Persistent, graph-based memory for Claude Code, Cursor, and Codex — in a pip install.

The problem

Every time you start a new session with Claude Code, Cursor, or Codex — it forgets everything. The architecture you designed last week. The library you chose. The bug you already fixed. You repeat yourself. The agent repeats mistakes.

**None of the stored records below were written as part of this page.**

text \<open>Montel's theorem in the form of Great Picard's \<open>GPicard1\<close>: iterates omitting two values on
  a disc form a normal family, so their boundedness at the centre propagates to a neighbourhood.\<close>
lemma interior_filled_julia_if_iterates_omit:
  fixes f :: "complex \<Rightarrow> complex"
  assumes holf: "f holomorphic_on UNIV" and z: "z \<in> filled_julia f" and "0 < r" "a \<noteq> b"
    and omit: "\<And>n u. u \<in> ball z r \<Longrightarrow> (f ^^ n) u \<noteq> a \<and> (f ^^ n) u \<noteq> b"
  shows "z \<in> interior (filled_julia f)"
proof -
  define g where "g n u = ((f ^^ n) u - a) / (b - a)" for n u
  have iterate_eq: "(f ^^ n) u = a + (b - a) * g n u" for n u
    using \<open>a \<noteq> b\<close> by (simp add: g_def)
  have hol: "g n holomorphic_on ball z r" for n
    unfolding g_def using holomorphic_on_funpow[OF holf, of n]
    by (auto intro!: holomorphic_intros intro: holomorphic_on_subset)
  have omit01: "g n u \<noteq> 0 \<and> g n u \<noteq> 1" if "u \<in> ball z r" for n u
    using omit[OF that, of n] \<open>a \<noteq> b\<close> by (auto simp: g_def)
  obtain B where "B > 0" and B: "\<And>n. norm ((f ^^ n) z) \<le> B"
    using z by (auto simp: filled_julia_def bounded_pos)
  have bound_z: "norm (g n z) \<le> (B + norm a) / norm (b - a)" for n
    using \<open>a \<noteq> b\<close> B[of n] norm_triangle_ineq4[of "(f ^^ n) z" a]
    by (auto simp: g_def norm_divide intro!: divide_right_mono)
  obtain B' Z where "open Z" "z \<in> Z" "Z \<subseteq> ball z r"
    and B': "\<And>h u. h \<in> range g \<Longrightarrow> u \<in> Z \<Longrightarrow> norm (h u) \<le> B'"
  proof (rule GPicard1[where S = "ball z r" and X = "range g" and Y = "range g"])
    show "0 < (B + norm a) / norm (b - a)" using \<open>B > 0\<close> \<open>a \<noteq> b\<close> by (intro divide_pos_pos add_pos_nonneg) auto
  qed (use \<open>0 < r\<close> hol omit01 bound_z in auto)
  have "Z \<subseteq> filled_julia f"
  proof
    fix u assume "u \<in> Z"
    have "norm ((f ^^ n) u) \<le> norm a + norm (b - a) * B'" for n
      unfolding iterate_eq using B'[of "g n" u] \<open>u \<in> Z\<close>
      by (auto intro!: norm_triangle_le simp: norm_mult mult_left_mono)
    then show "u \<in> filled_julia f" by (auto simp: filled_julia_def bounded_iff)
  qed
  with \<open>open Z\<close> \<open>z \<in> Z\<close> show ?thesis using interior_maximal by blast
qed

locale escaping_poly =
  fixes p :: "complex poly" and R :: real
  assumes radius_pos: "0 < R"
    and escape: "\<And>z. R \<le> norm z \<Longrightarrow> 2 * norm z \<le> norm (poly p z)"
begin

lemma escape_funpow: "R \<le> norm z \<Longrightarrow> 2 ^ n * norm z \<le> norm ((poly p ^^ n) z)"
proof (induction n)
  case (Suc n)
  have "R \<le> norm z" by fact
  also have "\<dots> \<le> 2 ^ n * norm z" by (simp add: mult_le_cancel_right1 one_le_power)
  also have "\<dots> \<le> norm ((poly p ^^ n) z)" using Suc by simp
  finally have "2 * norm ((poly p ^^ n) z) \<le> norm ((poly p ^^ Suc n) z)" by (simp add: escape)
  then show ?case using Suc by simp
qed simp

lemma not_in_filled_julia: "R \<le> norm z \<Longrightarrow> z \<notin> filled_julia (poly p)"
proof
  assume "R \<le> norm z" "z \<in> filled_julia (poly p)"
  then obtain B where B: "\<And>n. norm ((poly p ^^ n) z) \<le> B" by (auto simp: filled_julia_def bounded_iff)
  obtain n where "B / R < 2 ^ n" using real_arch_pow[of 2 "B / R"] by auto
  then have "B < 2 ^ n * R" using radius_pos by (simp add: divide_less_eq)
  also have "\<dots> \<le> 2 ^ n * norm z" using \<open>R \<le> norm z\<close> by simp
  also have "\<dots> \<le> norm ((poly p ^^ n) z)" using escape_funpow[OF \<open>R \<le> norm z\<close>] .
  finally show False using B[of n] by simp
qed

lemma filled_julia_subset_ball: "filled_julia (poly p) \<subseteq> ball 0 R"
  using not_in_filled_julia by (force simp: not_le)

lemma bounded_filled_julia: "bounded (filled_julia (poly p))"
  using filled_julia_subset_ball bounded_ball bounded_subset by blast

lemma closed_filled_julia: "closed (filled_julia (poly p))"
proof -
  have "filled_julia (poly p) = (\<Inter>n. {z. norm ((poly p ^^ n) z) \<le> R})"
  proof (intro equalityI subsetI)
    fix z assume "z \<in> filled_julia (poly p)"
    then have "(poly p ^^ n) z \<in> ball 0 R" for n
      using funpow_in_filled_julia filled_julia_subset_ball by blast
    then show "z \<in> (\<Inter>n. {z. norm ((poly p ^^ n) z) \<le> R})" by (simp add: less_imp_le)
  qed (auto simp: filled_julia_def bounded_iff)
  moreover have "continuous_on UNIV (poly p ^^ n)" for n
    by (intro holomorphic_on_imp_continuous_on holomorphic_on_funpow poly_holomorphic_on holomorphic_on_ident)
  ultimately show ?thesis
    by (auto intro!: closed_INT closed_Collect_le continuous_intros)
qed

lemma poly_ne_poly_0: "\<exists>z. poly p z \<noteq> poly p 0"
proof
  define z where "z = complex_of_real (R + norm (poly p 0))"
  have z: "norm z = R + norm (poly p 0)"
    unfolding z_def norm_of_real using radius_pos by simp
  with escape[of z] radius_pos have "norm (poly p 0) < norm (poly p z)"
    using norm_ge_zero[of "poly p 0"] by linarith
  then show "poly p z \<noteq> poly p 0" by auto
qed

lemma not_constant_on_poly: "\<not> poly p constant_on UNIV"
  unfolding constant_on_def using poly_ne_poly_0 by (metis UNIV_I)

lemma surj_poly: "\<exists>z. poly p z = y"
proof -
  have "\<not> constant (poly (p - [:y:]))"
    using poly_ne_poly_0 by (auto simp: constant_def)
  then obtain z where "poly (p - [:y:]) z = 0" using fundamental_theorem_of_algebra by blast
  then show ?thesis by auto
qed

lemma surj_funpow: "\<exists>z. (poly p ^^ n) z = y"
proof (induction n arbitrary: y)
  case (Suc n)
  obtain u where "(poly p ^^ n) u = y" using Suc by blast
  moreover obtain z where "poly p z = u" using surj_poly by blast
  ultimately show ?case by (metis comp_apply funpow_Suc_right)
qed simp

lemma bounded_funpow_preimage: "bounded {z. (poly p ^^ n) z = y}"
proof -
  have "norm z \<le> max R (norm y)" if "(poly p ^^ n) z = y" for z
  proof (cases "R \<le> norm z")
    case True
    have "norm z \<le> 2 ^ n * norm z" by (simp add: mult_le_cancel_right1 one_le_power)
    also have "\<dots> \<le> norm y" using escape_funpow[OF True, of n] that by simp
    finally show ?thesis by simp
  qed simp
  then show ?thesis by (auto simp: bounded_iff)
qed

lemma julia_subset_backward_invariant:
  assumes "closed S" "a \<in> S" "b \<in> S" "a \<noteq> b" and backward: "\<And>z. poly p z \<in> S \<Longrightarrow> z \<in> S"
  shows "julia (poly p) \<subseteq> S"
proof
  fix z assume z: "z \<in> julia (poly p)"
  show "z \<in> S"
  proof (rule ccontr)
    assume "z \<notin> S"
    then obtain r where "0 < r" and r: "ball z r \<subseteq> - S"
      using \<open>closed S\<close> open_contains_ball[of "- S"] by (auto simp: open_Compl)
    have backward_funpow: "u \<in> S" if "(poly p ^^ n) u \<in> S" for n u
      using that
    proof (induction n arbitrary: u)
      case (Suc n)
      have "(poly p ^^ n) (poly p u) \<in> S"
        using Suc.prems by (simp add: funpow_Suc_right del: funpow.simps)
      then show ?case using Suc.IH backward by blast
    qed simp
    have omit: "(poly p ^^ n) u \<noteq> a \<and> (poly p ^^ n) u \<noteq> b" if "u \<in> ball z r" for n u
      using that r backward_funpow[of n u] assms(2,3) by blast
    have "z \<in> filled_julia (poly p)"
      using z closed_filled_julia frontier_subset_closed
      unfolding julia_eq_frontier_filled_julia by blast
    then have "z \<in> interior (filled_julia (poly p))"
      using interior_filled_julia_if_iterates_omit[OF poly_holomorphic_on[OF holomorphic_on_ident]
            _ \<open>0 < r\<close> \<open>a \<noteq> b\<close> omit] by blast
    with z show False by (simp add: julia_eq_frontier_filled_julia frontier_def)
  qed
qed

lemma filled_julia_eq_julia_if_collinear:
  assumes "collinear (julia (poly p))"
  shows "filled_julia (poly p) = julia (poly p)"
proof -
  obtain u v where uv: "frontier (filled_julia (poly p)) \<subseteq> affine hull {u, v}"
    using assms unfolding collinear_affine_hull julia_eq_frontier_filled_julia by blast
  have "filled_julia (poly p) \<subseteq> affine hull {u, v}"
    by (rule frontier_subset_affine_imp_subset[OF bounded_filled_julia affine_affine_hull _ uv]) simp
  then have "interior (filled_julia (poly p)) \<subseteq> interior (affine hull {u, v})"
    by (rule interior_mono)
  also have "\<dots> = {}"
    by (rule empty_interior_affine_hull) (simp_all add: card_insert_if)
  finally have "interior (filled_julia (poly p)) = {}" by (simp only: subset_empty)
  then show ?thesis
    unfolding julia_eq_frontier_filled_julia frontier_def closure_closed[OF closed_filled_julia] by simp
qed

end

section \<open>Hausdorff limits of iterated preimages\<close>

locale preimage_limit = escaping_poly +
  fixes w :: complex and A :: "complex set"
  assumes compact_limit: "compact A" and limit_nonempty: "A \<noteq> {}"
    and limit: "(\<lambda>m. hausdorff_dist {z. (poly p ^^ m) z = w} A) \<longlonglongrightarrow> 0"
begin

lemma closed_limit: "closed A"
  using compact_limit by (rule compact_imp_closed)
theorem lemma2p1:
  fixes M :: "'a measure" and A :: "nat \<Rightarrow> 'a set" and Z :: "('a \<Rightarrow> real) set"
    and C :: "'a set" and B :: "nat \<Rightarrow> 'a set"
  assumes fin: "finite_measure M"
    and atoms: "\<And>n. is_atom M (A n) \<or> A n = {}"
    and disj: "disjoint_family A"
    and decr: "\<And>n. measure M (A n) \<ge> measure M (A (Suc n))"
    and C_def: "C = space M - (\<Union>n. A n)"
    and C_no_atom: "\<And>D. D \<subseteq> C \<Longrightarrow> \<not> is_atom M D"
    and B_def: "\<And>n. B n = C \<union> (\<Union>j\<in>{n<..}. A j)"
    and Z_sub: "Z \<subseteq> Linf M"
    and Z_zero: "(\<lambda>x. 0) \<in> Z"
    and Z_add: "\<And>f g. f \<in> Z \<Longrightarrow> g \<in> Z \<Longrightarrow> (\<lambda>x. f x + g x) \<in> Z"
    and Z_scale: "\<And>c f. f \<in> Z \<Longrightarrow> (\<lambda>x. c * f x) \<in> Z"
    and Z_ae: "\<And>f g. f \<in> Z \<Longrightarrow> g \<in> borel_measurable M \<Longrightarrow> (AE x in M. f x = g x) \<Longrightarrow> g \<in> Z"
    and Z_L0C: "\<And>f. f \<in> Linf M \<Longrightarrow> (AE x in M. x \<notin> C \<longrightarrow> f x = 0) \<Longrightarrow>
                  integral\<^sup>L M f = 0 \<Longrightarrow> f \<in> Z"
    and Z_An: "\<And>n. measure M (B n) > 0 \<Longrightarrow>
                  (\<lambda>x. indicator (A n) x - measure M (A n) / measure M (B n) * indicator (B n) x) \<in> Z"
  shows "{f \<in> Linf M. integral\<^sup>L M f = 0} \<subseteq> weak_star_closure M Z"
proof
  fix f assume "f \<in> {f \<in> Linf M. integral\<^sup>L M f = 0}"
  then have f: "f \<in> Linf M" and mean_zero: "integral\<^sup>L M f = 0"
    by auto
  interpret atomic_splitting M A C B
    using fin atoms disj C_def B_def by (simp add: atomic_splitting_def atomic_splitting_axioms_def)
  define z where "z N x = partition_average f N x + indicator C x * (f x - set_average M C f)" for N x
  have f_int: "integrable M f"
    using f by (rule integrable_if_Linf)
  have "(\<lambda>x. indicator C x * (f x - set_average M C f)) \<in> Z"
    using Z_L0C[OF Linf_indicator_diff_set_average[OF f sets_C]]
      integral_indicator_diff_set_average[OF sets_C f_int] by simp
  with partition_average_in_Z[OF f_int mean_zero Z_zero Z_add Z_scale Z_ae Z_An]
  have z_in_Z: "z N \<in> Z" for N
    unfolding z_def by (rule Z_add)
  moreover have "z N \<in> borel_measurable M" for N
    using z_in_Z Z_sub by (auto simp: Linf_def)
  moreover obtain K where "\<And>N. AE x in M. \<bar>z N x\<bar> \<le> K"
    unfolding z_def using partition_average_plus_C_part_bounded[OF f] by blast
  moreover have "AE x in M. (\<lambda>N. z N x) \<longlonglongrightarrow> f x"
    unfolding z_def using f_int by (rule partition_average_AE_tendsto)
  ultimately show "f \<in> weak_star_closure M Z"
    using f by (intro weak_star_closure_bounded_AE_limit)
qed

end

memri fixes this. It gives your AI coding agent a persistent memory that survives across sessions — so it always knows who you are, what you're building, and how you like to work.

Results

Evaluated on LongMemEval-S — 500 QA pairs designed to test AI long-term memory:

	Score
Full context (no memory, 115K tokens)	70.6%
memri v1.0 graph memory	83%

Better recall. A fraction of the tokens.

Install

pip install "memri[graph]"

One command to wire it into Claude Code:

memri init --claude-code

That's it. Open a new Claude Code session — memri starts working immediately.

What it does

Every conversation you have with your coding agent gets ingested into a 3-layer memory graph:

Your conversation
      │
  [Graph Engine]
      │
      ├── Layer 2  raw episode archive  (SQLite, zero data loss)
      │
      ├── Layer 1  fact/entity/reflection graph  (NetworkX)
      │            causal chains · temporal edges · entity linking
      │
      └── Layer 0  always-in-context routing index  (~500 tokens)
                   entity index · topic clusters · user summary
      │
  [Retrieval]   Layer 0 → BFS traversal → RRF ranking
      │          returns only the relevant facts (~500 tokens)
      │
  Injected at the top of your next session

When you ask a question, memri doesn't dump your entire history into the prompt. It finds the specific facts, entities, and context that matter for that query — and injects only those.

Features

Graph-based memory — entities, facts, causal chains, and higher-level reflections stored in a queryable graph
Entity tracking — people, projects, and concepts linked across all sessions
Three-layer architecture — always-in-context index (Layer 0), fact graph (Layer 1), raw episode archive (Layer 2)
RRF ranking — Reciprocal Rank Fusion across vector, BM25, importance, and recency signals
Automatic compression — conversations beyond 30K tokens compressed 5–40× into timestamped observations
Cross-session recall — memory injected at the start of every session automatically
Semantic search — find anything from past sessions (memri search "auth pattern we chose")
Procedural memory — learns how to work with you over time, not just what happened
Frustration detection — detects when you're frustrated, permanently stores what went wrong
Works with any LLM — Anthropic, Gemini, OpenAI, or any OpenAI-compatible endpoint
100% local — all data on your machine, no cloud, no accounts
Visual dashboard — interactive graph visualization, Layer 0 index, episode browser

Quick start

# Install
pip install "memri[graph]"

# Wire into Claude Code (one command)
memri init --claude-code

# Open a new Claude Code session — memri is already running

Don't have an API key?

Use your existing Claude subscription — if you've run claude in your terminal, memri detects your credentials automatically. No API key needed.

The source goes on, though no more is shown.